Excerpted records:
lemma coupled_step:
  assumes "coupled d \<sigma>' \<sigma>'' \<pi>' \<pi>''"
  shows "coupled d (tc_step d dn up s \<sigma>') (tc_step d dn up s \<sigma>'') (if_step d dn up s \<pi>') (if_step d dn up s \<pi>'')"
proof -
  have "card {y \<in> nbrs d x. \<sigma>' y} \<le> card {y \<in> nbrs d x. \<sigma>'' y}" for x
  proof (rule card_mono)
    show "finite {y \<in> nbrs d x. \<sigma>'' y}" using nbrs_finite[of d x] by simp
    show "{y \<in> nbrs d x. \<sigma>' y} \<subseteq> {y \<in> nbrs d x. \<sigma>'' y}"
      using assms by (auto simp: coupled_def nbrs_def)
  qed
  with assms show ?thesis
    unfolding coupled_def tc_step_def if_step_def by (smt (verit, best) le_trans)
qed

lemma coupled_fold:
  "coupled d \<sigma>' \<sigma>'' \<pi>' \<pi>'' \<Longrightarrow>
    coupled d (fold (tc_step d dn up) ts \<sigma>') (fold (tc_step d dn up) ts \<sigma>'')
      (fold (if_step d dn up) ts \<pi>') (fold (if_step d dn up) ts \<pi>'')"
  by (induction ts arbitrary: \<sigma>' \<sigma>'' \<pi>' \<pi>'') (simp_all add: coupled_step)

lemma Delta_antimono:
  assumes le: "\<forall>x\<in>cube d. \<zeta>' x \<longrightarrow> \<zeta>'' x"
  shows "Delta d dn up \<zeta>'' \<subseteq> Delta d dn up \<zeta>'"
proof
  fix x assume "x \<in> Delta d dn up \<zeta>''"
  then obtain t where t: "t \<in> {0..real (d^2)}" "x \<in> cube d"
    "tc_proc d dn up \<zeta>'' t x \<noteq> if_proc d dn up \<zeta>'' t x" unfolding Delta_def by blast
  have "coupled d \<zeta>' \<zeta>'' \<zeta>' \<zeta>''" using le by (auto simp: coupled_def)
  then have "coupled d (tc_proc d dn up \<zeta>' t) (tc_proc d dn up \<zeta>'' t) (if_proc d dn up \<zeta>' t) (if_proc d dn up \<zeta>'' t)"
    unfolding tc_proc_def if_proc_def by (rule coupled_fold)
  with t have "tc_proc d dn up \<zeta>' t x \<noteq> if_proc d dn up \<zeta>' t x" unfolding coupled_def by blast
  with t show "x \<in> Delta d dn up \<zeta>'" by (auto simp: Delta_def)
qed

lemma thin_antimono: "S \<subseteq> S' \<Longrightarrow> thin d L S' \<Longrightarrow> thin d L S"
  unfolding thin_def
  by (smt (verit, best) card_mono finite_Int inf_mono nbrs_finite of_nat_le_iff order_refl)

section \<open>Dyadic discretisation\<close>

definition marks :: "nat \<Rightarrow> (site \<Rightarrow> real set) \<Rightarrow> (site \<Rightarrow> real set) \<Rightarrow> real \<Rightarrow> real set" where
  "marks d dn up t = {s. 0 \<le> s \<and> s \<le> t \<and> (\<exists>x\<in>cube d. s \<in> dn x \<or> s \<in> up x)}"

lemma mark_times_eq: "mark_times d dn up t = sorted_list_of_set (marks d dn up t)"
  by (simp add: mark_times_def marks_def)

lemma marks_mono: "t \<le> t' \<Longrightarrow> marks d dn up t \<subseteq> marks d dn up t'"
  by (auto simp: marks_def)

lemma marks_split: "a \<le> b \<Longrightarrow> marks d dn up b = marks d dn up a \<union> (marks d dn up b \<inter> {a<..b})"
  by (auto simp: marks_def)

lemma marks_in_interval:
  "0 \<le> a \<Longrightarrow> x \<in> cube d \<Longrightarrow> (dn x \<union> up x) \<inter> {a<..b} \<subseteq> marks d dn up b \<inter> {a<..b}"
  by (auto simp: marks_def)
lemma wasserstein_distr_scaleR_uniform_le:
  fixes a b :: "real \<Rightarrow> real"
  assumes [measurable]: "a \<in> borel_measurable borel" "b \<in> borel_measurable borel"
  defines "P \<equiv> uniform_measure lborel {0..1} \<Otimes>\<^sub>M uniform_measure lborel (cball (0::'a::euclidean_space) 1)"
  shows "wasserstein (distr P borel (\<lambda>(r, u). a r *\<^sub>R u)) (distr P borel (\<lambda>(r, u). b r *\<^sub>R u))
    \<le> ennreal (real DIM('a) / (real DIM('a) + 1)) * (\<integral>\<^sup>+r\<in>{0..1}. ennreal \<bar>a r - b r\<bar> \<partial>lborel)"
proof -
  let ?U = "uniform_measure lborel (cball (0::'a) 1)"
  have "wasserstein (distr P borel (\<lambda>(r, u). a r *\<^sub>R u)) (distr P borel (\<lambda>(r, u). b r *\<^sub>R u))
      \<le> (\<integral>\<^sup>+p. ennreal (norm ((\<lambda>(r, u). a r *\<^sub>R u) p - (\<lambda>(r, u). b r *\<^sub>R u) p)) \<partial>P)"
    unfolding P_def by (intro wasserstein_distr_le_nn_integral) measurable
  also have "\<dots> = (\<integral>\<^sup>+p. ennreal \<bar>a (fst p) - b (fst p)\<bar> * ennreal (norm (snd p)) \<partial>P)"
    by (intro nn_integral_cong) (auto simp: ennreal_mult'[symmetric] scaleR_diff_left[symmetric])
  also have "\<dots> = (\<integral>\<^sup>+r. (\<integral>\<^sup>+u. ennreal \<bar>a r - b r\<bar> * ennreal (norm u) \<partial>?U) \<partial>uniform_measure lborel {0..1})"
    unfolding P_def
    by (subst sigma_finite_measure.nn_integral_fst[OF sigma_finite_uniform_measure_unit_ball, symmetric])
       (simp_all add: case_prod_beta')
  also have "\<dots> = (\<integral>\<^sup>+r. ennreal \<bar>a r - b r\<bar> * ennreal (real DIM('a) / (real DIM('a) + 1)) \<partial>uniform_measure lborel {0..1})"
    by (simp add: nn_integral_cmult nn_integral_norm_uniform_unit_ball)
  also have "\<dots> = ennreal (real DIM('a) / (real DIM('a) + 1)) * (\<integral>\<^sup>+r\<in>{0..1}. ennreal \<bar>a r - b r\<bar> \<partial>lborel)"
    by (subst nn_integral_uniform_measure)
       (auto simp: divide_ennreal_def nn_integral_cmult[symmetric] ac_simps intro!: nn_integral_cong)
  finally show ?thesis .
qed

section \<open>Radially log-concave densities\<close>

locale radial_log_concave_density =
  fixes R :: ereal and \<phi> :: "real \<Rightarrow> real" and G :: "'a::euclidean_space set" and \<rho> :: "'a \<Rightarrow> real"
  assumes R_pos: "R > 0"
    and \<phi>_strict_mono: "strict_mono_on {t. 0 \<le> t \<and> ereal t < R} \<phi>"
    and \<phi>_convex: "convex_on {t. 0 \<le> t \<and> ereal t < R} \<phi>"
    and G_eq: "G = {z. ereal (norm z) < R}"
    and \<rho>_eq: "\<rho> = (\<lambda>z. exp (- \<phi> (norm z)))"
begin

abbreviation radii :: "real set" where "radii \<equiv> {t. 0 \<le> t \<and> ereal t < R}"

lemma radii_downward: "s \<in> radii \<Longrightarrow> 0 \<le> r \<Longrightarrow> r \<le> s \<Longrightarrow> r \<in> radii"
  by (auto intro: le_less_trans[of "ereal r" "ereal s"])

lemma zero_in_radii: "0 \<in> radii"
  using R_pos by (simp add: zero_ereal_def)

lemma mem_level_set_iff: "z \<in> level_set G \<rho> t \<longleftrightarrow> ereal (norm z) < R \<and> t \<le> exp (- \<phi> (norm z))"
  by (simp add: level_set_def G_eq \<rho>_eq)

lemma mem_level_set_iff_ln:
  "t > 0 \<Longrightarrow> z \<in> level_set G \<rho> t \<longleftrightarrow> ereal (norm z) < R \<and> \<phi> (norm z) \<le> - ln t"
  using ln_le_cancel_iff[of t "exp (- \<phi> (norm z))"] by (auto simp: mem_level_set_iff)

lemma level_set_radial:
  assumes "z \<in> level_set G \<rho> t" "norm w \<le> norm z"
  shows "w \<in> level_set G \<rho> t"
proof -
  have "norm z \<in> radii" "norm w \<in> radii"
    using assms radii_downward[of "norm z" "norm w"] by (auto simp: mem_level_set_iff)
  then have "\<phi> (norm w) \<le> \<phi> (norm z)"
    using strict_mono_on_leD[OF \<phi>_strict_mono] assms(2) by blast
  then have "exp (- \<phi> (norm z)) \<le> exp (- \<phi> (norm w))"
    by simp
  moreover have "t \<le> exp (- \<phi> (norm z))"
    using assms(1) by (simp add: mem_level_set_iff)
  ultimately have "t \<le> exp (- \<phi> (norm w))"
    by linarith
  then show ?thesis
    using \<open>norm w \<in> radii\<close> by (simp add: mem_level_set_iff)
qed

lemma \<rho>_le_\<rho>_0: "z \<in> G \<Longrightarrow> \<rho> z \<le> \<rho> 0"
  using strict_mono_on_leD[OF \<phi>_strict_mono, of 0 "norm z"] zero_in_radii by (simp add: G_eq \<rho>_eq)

---

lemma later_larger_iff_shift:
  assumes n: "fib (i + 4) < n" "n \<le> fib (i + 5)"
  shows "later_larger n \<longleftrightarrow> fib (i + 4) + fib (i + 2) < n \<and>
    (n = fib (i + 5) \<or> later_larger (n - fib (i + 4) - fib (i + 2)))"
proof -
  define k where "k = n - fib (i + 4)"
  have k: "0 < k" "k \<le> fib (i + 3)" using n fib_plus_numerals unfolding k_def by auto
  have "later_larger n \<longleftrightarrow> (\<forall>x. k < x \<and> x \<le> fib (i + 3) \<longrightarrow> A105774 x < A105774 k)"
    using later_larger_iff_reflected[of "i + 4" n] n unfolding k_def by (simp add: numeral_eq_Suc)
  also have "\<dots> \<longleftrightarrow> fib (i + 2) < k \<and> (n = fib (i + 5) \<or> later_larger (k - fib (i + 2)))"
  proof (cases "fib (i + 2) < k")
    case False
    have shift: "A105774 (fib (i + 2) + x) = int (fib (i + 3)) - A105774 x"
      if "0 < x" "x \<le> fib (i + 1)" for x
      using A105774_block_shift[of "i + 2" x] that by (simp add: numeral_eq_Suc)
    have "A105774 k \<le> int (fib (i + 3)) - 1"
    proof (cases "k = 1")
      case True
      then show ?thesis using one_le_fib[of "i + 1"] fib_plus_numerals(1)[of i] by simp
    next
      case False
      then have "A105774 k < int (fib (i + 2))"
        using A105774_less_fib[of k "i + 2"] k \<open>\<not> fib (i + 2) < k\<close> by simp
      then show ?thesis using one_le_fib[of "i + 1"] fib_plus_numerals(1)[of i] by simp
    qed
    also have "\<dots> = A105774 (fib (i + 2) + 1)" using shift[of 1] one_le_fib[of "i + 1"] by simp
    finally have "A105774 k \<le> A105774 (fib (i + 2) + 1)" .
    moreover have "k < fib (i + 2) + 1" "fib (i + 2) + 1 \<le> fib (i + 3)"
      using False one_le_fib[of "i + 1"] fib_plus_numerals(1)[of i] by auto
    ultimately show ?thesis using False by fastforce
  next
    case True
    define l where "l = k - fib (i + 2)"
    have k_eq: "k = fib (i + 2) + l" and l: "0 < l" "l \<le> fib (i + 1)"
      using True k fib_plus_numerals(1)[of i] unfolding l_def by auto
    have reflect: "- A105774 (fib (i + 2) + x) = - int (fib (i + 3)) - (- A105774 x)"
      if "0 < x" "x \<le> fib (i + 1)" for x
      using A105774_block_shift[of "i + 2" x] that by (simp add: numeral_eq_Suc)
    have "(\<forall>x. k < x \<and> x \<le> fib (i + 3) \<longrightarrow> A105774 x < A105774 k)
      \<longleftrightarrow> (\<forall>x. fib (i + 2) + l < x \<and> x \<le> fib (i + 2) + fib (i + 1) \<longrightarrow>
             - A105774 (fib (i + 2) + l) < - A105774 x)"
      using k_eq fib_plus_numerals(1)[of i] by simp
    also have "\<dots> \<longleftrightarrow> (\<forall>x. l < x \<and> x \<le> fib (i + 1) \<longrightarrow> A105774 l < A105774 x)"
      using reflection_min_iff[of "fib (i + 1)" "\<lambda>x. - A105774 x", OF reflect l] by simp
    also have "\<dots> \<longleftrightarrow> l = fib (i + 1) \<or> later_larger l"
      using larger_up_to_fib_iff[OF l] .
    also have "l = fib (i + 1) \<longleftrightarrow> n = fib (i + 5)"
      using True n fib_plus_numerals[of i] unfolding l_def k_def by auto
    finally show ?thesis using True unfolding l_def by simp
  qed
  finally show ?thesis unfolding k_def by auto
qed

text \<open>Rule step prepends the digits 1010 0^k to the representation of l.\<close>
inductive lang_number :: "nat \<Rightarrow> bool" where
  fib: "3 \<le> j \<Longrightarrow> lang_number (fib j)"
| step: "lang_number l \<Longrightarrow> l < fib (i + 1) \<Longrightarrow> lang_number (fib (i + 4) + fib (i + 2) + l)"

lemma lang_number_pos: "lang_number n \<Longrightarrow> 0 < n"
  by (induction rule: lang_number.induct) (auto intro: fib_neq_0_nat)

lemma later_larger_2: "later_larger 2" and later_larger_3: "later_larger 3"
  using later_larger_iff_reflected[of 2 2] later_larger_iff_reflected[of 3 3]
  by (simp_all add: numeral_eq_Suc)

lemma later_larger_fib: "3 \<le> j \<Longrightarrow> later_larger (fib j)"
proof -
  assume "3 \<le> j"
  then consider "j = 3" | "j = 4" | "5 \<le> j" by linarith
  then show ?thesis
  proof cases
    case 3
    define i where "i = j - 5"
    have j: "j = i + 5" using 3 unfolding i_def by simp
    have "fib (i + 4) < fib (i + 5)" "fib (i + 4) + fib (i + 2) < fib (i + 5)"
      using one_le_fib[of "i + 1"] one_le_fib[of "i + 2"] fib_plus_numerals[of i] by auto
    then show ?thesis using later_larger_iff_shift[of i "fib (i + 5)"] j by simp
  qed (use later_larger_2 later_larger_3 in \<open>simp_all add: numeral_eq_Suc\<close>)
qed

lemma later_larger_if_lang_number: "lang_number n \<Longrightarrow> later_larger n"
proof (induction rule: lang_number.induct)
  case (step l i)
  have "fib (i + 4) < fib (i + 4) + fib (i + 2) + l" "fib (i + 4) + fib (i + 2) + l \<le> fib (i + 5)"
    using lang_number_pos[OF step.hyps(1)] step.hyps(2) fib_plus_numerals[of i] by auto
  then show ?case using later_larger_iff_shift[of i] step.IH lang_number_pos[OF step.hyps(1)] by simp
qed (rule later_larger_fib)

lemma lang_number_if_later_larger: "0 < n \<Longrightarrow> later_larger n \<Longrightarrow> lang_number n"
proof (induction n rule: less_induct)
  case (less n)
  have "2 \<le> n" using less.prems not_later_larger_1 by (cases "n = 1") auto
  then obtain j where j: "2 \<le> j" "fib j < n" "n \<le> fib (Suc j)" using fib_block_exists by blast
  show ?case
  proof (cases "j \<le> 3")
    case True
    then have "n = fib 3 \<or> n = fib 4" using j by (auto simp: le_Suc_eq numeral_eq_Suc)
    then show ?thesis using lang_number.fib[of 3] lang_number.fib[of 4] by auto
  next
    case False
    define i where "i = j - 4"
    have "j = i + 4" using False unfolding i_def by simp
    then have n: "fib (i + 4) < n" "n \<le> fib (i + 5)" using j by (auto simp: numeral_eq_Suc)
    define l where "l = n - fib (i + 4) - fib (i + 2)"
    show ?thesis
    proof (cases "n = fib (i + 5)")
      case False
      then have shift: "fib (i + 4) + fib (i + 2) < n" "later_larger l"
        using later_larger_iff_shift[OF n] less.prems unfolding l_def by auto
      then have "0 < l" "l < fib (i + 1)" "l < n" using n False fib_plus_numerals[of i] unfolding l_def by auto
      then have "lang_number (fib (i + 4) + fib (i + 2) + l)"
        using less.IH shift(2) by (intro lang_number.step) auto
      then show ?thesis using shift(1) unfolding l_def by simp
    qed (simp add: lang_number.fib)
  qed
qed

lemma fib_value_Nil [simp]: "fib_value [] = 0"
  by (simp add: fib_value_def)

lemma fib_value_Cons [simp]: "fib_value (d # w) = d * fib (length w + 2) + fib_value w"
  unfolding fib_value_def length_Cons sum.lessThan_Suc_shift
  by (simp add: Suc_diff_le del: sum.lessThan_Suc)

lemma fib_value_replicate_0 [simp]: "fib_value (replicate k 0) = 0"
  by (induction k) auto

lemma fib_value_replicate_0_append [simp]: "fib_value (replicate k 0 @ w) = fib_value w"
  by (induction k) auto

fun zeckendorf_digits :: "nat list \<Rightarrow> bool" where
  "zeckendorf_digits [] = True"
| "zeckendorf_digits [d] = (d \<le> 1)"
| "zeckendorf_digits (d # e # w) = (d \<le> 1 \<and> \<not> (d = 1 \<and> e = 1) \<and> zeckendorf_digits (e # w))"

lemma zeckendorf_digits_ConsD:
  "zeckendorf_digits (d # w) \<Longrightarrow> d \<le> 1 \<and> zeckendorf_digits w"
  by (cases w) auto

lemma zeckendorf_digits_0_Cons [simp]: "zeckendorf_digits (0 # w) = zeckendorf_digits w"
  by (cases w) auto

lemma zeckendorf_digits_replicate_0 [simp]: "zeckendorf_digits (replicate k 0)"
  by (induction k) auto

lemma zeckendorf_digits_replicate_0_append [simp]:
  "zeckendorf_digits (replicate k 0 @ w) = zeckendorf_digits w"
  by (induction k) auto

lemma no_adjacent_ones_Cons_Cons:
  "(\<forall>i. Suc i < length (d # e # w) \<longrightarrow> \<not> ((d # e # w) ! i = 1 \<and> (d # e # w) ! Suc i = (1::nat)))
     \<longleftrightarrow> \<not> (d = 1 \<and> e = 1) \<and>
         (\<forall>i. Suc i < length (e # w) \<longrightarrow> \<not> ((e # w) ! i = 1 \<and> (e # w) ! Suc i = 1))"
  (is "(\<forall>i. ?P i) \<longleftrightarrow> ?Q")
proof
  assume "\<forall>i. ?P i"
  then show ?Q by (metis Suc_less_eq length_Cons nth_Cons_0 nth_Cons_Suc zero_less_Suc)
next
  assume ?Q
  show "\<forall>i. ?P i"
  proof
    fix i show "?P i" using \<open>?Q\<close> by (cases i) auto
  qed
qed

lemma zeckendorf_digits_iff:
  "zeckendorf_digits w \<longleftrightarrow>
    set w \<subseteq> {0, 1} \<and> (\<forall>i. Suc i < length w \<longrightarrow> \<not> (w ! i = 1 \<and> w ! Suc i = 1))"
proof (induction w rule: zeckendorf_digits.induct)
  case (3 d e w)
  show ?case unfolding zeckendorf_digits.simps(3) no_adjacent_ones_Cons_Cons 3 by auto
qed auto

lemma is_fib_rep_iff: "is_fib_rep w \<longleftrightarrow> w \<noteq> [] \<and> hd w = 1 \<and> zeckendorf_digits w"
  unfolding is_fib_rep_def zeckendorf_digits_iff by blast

Your assignment: In the entries above, one line contains "by (simp add: fib_value_def)" and another contains "i = (1::nat)))". Reproduce exactly those two lines and the lines between them, nothing else.

Your response:
  by (simp add: fib_value_def)

lemma fib_value_Cons [simp]: "fib_value (d # w) = d * fib (length w + 2) + fib_value w"
  unfolding fib_value_def length_Cons sum.lessThan_Suc_shift
  by (simp add: Suc_diff_le del: sum.lessThan_Suc)

lemma fib_value_replicate_0 [simp]: "fib_value (replicate k 0) = 0"
  by (induction k) auto

lemma fib_value_replicate_0_append [simp]: "fib_value (replicate k 0 @ w) = fib_value w"
  by (induction k) auto

fun zeckendorf_digits :: "nat list \<Rightarrow> bool" where
  "zeckendorf_digits [] = True"
| "zeckendorf_digits [d] = (d \<le> 1)"
| "zeckendorf_digits (d # e # w) = (d \<le> 1 \<and> \<not> (d = 1 \<and> e = 1) \<and> zeckendorf_digits (e # w))"

lemma zeckendorf_digits_ConsD:
  "zeckendorf_digits (d # w) \<Longrightarrow> d \<le> 1 \<and> zeckendorf_digits w"
  by (cases w) auto

lemma zeckendorf_digits_0_Cons [simp]: "zeckendorf_digits (0 # w) = zeckendorf_digits w"
  by (cases w) auto

lemma zeckendorf_digits_replicate_0 [simp]: "zeckendorf_digits (replicate k 0)"
  by (induction k) auto

lemma zeckendorf_digits_replicate_0_append [simp]:
  "zeckendorf_digits (replicate k 0 @ w) = zeckendorf_digits w"
  by (induction k) auto

lemma no_adjacent_ones_Cons_Cons:
  "(\<forall>i. Suc i < length (d # e # w) \<longrightarrow> \<not> ((d # e # w) ! i = 1 \<and> (d # e # w) ! Suc i = (1::nat)))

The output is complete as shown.